Do isolated music tracks for Columbo episodes exist? Could they be released in a box set, all of them, complete and chronological, say, tomorrow? Apparently not. So we must scrounge, and if you look at ye olde YouTube you will find that a few enterprising hunters and gatherers have things to share with you. And thus the 524th Soundtrack of the Week is Billy Goldenberg's gorgeous music for the Columbo episode "Ransom for a Dead Man".

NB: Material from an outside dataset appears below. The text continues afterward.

(* Let $\beta\in(0,d]$ and let $Q\subset\mathbb{R}^d$ be a cube. Suppose $C'>0$ is a constant such that $$\sum_{k}\int_{Q_{k}} f \,d\mathcal{H}^{\beta,Q}_{\infty} \leq C' \int_{\cup_{k} Q_{k}} f\,d\mathcal{H}^{\beta,Q}_{\infty}$$ for every non-negative $f$ and every family of non-overlapping cubes $\{Q_{k}\}\subset\mathcal{D}(Q)$ which satisfies $\sum_{Q_{k} \subset Q'}l(Q_{k})^\beta \leq 2l(Q')^\beta$ for each $Q' \in \mathcal{D}(Q)$. Then $$\mathcal{H}^{\beta,Q}_{\infty}\left(\left\{ x: \mathcal{M}^{\beta,Q}_\infty f(x)>t\right\}\right) \leq \frac{C'}{t} \int_{\mathbb{R}^d} |f|\,d\mathcal{H}^{\beta,Q}_{\infty}$$ for all $t>0$ and all $f \in L^1(\mathbb{R}^d;\mathcal{H}^{\beta,Q}_{\infty})$.
   Context: For a cube $Q=a+[0,\ell)^d$ (cubes are half-open), the dyadic lattice generated by $Q$ is $\mathcal{D}(Q)=\{a+2^{-j}\ell(m+[0,1)^d): j\in\mathbb{Z}, m\in\mathbb{Z}^d\}$. The dyadic Hausdorff content adapted to $Q$ is $\mathcal{H}^{\beta,Q}_{\infty}(E)= \inf \{\sum_{i} l(Q_i)^\beta : E \subset \bigcup_{i} Q_i,\ Q_i \in \mathcal{D}(Q) \}$, $l(\cdot)$ the side length. For $f\ge0$ and a set $A$, $\int_A f\,d\mathcal{H}^{\beta,Q}_\infty=\int_0^\infty \mathcal{H}^{\beta,Q}_\infty(\{x\in A:f(x)>t\})\,dt$. $f$ is $\mathcal{H}^{\beta,Q}_\infty$-quasicontinuous if for every $\epsilon>0$ there is an open $O$ with $\mathcal{H}^{\beta,Q}_\infty(O)<\epsilon$ and $f|_{O^c}$ continuous; $L^1(\mathbb{R}^d;\mathcal{H}^{\beta,Q}_\infty)$ is the set of such $f$ with $\int_{\mathbb{R}^d}|f|\,d\mathcal{H}^{\beta,Q}_\infty<\infty$. The dyadic maximal function is $\mathcal{M}^{\beta,Q}_\infty f(x) = \sup_{Q' \in\mathcal{D}(Q)} \chi_{Q'}(x)\, l(Q')^{-\beta} \int_{Q'} |f| \,d\mathcal{H}^{\beta,Q}_{\infty}$. *)

theory Defs
  imports "HOL-Analysis.Analysis"
begin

We'll start with the main theme, which recurs several times throughout. It's this tantalizing and haunting minor key melody which keeps climbing and climbing, modulating the key up a half step when it seems like it can't go higher. The blend of electric and acoustic instruments also gives it an eerie feeling. While this is a solid episode of Columbo, the music is more powerful than anything else in it other than the performances of the two leads.

The first time you hear it is in a pretty straightforward and mid-tempo 4/4 arrangement but it comes back as a sprightly waltz and, at the end, as kind of an old timey jazz swing tune.

Then there's this fantastic 6/4 piece that I think is used for the ransom drop scene, in which the triangle, that ubiquitous element of television scores of the time, plays a key role. It has a driving and soaring quality to it, reminiscent of John Barry's "007" and some of Joe Harnell's music for The Bionic Woman.

There's also another jazz waltz that's a close cousin to the main theme, similar harmonic structure, different melody, but very much companions to each other.

Somewhere in there also is a nightmarish piece with a maddeningly repetitive part providing the foundation for some strange figures. It eventually stops and then there are some equally strange sounds, what sounds like an overblown flute underwater and then some creative use of tape delays, again blending electronic and acoustic sounds to dramatic and atmospheric effect.